**Directions for this task**
Look for the word "dots" in the entries and copy each line where it appears.

**Records supplied**
━━━━━━

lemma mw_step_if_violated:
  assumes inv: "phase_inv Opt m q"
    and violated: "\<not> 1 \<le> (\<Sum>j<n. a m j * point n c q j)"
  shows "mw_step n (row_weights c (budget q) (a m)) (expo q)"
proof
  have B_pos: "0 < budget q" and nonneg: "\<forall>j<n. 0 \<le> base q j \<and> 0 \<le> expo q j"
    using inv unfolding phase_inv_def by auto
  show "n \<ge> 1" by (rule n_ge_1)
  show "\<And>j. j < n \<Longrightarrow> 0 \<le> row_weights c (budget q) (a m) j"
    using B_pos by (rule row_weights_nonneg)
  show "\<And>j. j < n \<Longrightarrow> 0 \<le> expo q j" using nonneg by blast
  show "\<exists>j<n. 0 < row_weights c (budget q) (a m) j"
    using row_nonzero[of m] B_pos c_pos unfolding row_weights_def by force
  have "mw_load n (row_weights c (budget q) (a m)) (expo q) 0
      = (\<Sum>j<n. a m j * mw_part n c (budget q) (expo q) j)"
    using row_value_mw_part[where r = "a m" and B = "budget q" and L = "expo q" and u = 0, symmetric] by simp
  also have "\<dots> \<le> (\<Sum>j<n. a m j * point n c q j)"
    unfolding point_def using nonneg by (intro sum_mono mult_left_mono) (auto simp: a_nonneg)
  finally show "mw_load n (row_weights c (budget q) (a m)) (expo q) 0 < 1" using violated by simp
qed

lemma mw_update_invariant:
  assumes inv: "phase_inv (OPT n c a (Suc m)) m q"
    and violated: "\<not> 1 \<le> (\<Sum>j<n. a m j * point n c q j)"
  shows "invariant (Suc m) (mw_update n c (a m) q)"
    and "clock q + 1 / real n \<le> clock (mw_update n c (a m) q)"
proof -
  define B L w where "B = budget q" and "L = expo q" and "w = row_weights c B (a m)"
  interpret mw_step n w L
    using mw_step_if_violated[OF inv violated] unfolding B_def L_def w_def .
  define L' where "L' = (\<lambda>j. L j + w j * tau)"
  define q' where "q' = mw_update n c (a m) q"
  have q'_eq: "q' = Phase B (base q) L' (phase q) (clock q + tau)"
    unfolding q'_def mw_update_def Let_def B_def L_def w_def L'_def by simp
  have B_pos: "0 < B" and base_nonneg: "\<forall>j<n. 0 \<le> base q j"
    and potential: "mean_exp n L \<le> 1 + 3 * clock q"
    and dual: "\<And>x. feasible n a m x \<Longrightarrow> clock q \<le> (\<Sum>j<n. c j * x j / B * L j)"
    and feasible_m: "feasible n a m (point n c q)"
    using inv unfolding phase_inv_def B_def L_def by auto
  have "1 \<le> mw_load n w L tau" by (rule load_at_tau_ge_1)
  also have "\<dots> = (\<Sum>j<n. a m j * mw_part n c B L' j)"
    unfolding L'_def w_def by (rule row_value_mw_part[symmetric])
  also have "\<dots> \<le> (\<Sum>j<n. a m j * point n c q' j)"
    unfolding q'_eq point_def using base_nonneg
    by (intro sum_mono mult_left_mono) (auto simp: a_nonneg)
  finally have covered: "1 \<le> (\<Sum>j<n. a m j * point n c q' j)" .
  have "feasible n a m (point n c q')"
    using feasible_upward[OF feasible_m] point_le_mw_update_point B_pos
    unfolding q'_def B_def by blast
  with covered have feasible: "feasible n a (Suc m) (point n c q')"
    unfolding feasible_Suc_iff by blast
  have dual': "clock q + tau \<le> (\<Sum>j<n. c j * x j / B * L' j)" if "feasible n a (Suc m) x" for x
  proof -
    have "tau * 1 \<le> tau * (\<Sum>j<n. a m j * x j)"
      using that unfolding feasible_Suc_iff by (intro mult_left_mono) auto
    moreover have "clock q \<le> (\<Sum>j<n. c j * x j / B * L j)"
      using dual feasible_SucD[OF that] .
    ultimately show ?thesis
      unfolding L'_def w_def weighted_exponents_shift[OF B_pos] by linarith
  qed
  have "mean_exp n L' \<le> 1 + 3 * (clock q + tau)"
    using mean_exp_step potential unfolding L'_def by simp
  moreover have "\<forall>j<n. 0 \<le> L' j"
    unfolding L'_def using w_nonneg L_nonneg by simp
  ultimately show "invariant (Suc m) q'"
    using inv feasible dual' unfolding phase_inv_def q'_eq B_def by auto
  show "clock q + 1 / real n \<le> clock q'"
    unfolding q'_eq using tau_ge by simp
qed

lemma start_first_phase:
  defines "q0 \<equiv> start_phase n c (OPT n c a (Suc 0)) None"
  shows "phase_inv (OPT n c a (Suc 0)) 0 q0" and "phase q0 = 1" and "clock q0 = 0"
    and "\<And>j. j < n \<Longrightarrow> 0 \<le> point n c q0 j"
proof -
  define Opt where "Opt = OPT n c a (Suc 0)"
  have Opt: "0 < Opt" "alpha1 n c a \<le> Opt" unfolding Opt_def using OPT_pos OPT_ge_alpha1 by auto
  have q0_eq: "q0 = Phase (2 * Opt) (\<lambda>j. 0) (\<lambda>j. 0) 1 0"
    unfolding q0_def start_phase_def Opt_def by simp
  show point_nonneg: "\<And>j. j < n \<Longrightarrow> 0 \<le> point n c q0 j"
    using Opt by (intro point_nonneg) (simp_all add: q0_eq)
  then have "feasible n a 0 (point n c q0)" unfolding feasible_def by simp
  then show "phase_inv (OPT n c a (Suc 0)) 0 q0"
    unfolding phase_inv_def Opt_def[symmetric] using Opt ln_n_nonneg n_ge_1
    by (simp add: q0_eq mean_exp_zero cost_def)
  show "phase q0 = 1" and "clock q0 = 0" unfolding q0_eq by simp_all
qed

━━━━━━

**Response to this exercise**
  also have "\<dots> \<le> (\<Sum>j<n. a m j * point n c q j)"
  also have "\<dots> = (\<Sum>j<n. a m j * mw_part n c B L' j)"
  also have "\<dots> \<le> (\<Sum>j<n. a m j * point n c q' j)"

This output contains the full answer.